- DATA SUPPLIED
lemma dyadic_between:
  assumes ab: "a < b"
  shows "\<exists>M\<ge>1. \<exists>m::int. a < m * (1/2)^M \<and> m * (1/2)^M < b"
proof -
  obtain M0 where "(1/2::real)^M0 < b - a"
    using real_arch_pow_inv[of "b - a" "1/2::real"] ab by auto
  moreover have "(1/2::real)^(Suc M0) \<le> (1/2)^M0"
    by (intro power_decreasing) auto
  ultimately have M: "(1/2::real)^(Suc M0) < b - a"
    by linarith
  obtain m :: int where "a < m * (1/2)^(Suc M0)" "m * (1/2)^(Suc M0) \<le> a + (1/2)^(Suc M0)"
    using int_multiple_between[of "(1/2)^(Suc M0)" a] by auto
  then show ?thesis
    using M by (intro exI[of _ "Suc M0"]) auto
qed

lemma example_set_dense_holes:
  assumes "a < b"
  shows "\<exists>d\<in>{a<..<b}. \<exists>r0>0. \<forall>r\<in>{0<..r0}.
           measure lebesgue (example_set \<inter> {d - r<..<d + r}) \<le> r / 2"
  using dyadic_between[OF assms] example_set_sparse_near_dyadic by fastforce

theorem theorem1p4:
  shows "\<exists>E :: real set. fsigma_in euclideanreal E \<and> SUDT E \<and>
     (\<forall>E'. gdelta_in euclideanreal E' \<and> emeasure lebesgue ((E - E') \<union> (E' - E)) = 0
        \<longrightarrow> \<not> UDT E')"
proof (intro exI[of _ example_set] conjI allI impI)
  show "fsigma_in euclideanreal example_set"
    by (rule fsigma_example_set)
  show "SUDT example_set"
    by (rule SUDT_example_set)
  fix E' assume "gdelta_in euclideanreal E' \<and> emeasure lebesgue ((example_set - E') \<union> (E' - example_set)) = 0"
  then show "\<not> UDT E'"
    using not_UDT_if_dense_holes[OF example_set_sets example_set_Int_interval_pos example_set_dense_holes]
    by blast
qed

end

- WHAT YOU ARE ASKED TO DO
Copy each entry exactly. Omit none.

- FINISHED TASK
lemma dyadic_between:
  assumes ab: "a < b"
  shows "\<exists>M\<ge>1. \<exists>m::int. a < m * (1/2)^M \<and> m * (1/2)^M < b"
proof -
  obtain M0 where "(1/2::real)^M0 < b - a"
    using real_arch_pow_inv[of "b - a" "1/2::real"] ab by auto
  moreover have "(1/2::real)^(Suc M0) \<le> (1/2)^M0"
    by (intro power_decreasing) auto
  ultimately have M: "(1/2::real)^(Suc M0) < b - a"
    by linarith
  obtain m :: int where "a < m * (1/2)^(Suc M0)" "m * (1/2)^(Suc M0) \<le> a + (1/2)^(Suc M0)"
    using int_multiple_between[of "(1/2)^(Suc M0)" a] by auto
  then show ?thesis
    using M by (intro exI[of _ "Suc M0"]) auto
qed

lemma example_set_dense_holes:
  assumes "a < b"
  shows "\<exists>d\<in>{a<..<b}. \<exists>r0>0. \<forall>r\<in>{0<..r0}.
           measure lebesgue (example_set \<inter> {d - r<..<d + r}) \<le> r / 2"
  using dyadic_between[OF assms] example_set_sparse_near_dyadic by fastforce

theorem theorem1p4:
  shows "\<exists>E :: real set. fsigma_in euclideanreal E \<and> SUDT E \<and>
     (\<forall>E'. gdelta_in euclideanreal E' \<and> emeasure lebesgue ((E - E') \<union> (E' - E)) = 0
        \<longrightarrow> \<not> UDT E')"
proof (intro exI[of _ example_set] conjI allI impI)
  show "fsigma_in euclideanreal example_set"
    by (rule fsigma_example_set)
  show "SUDT example_set"
    by (rule SUDT_example_set)
  fix E' assume "gdelta_in euclideanreal E' \<and> emeasure lebesgue ((example_set - E') \<union> (E' - example_set)) = 0"
  then show "\<not> UDT E'"
    using not_UDT_if_dense_holes[OF example_set_sets example_set_Int_interval_pos example_set_dense_holes]
    by blast
qed

end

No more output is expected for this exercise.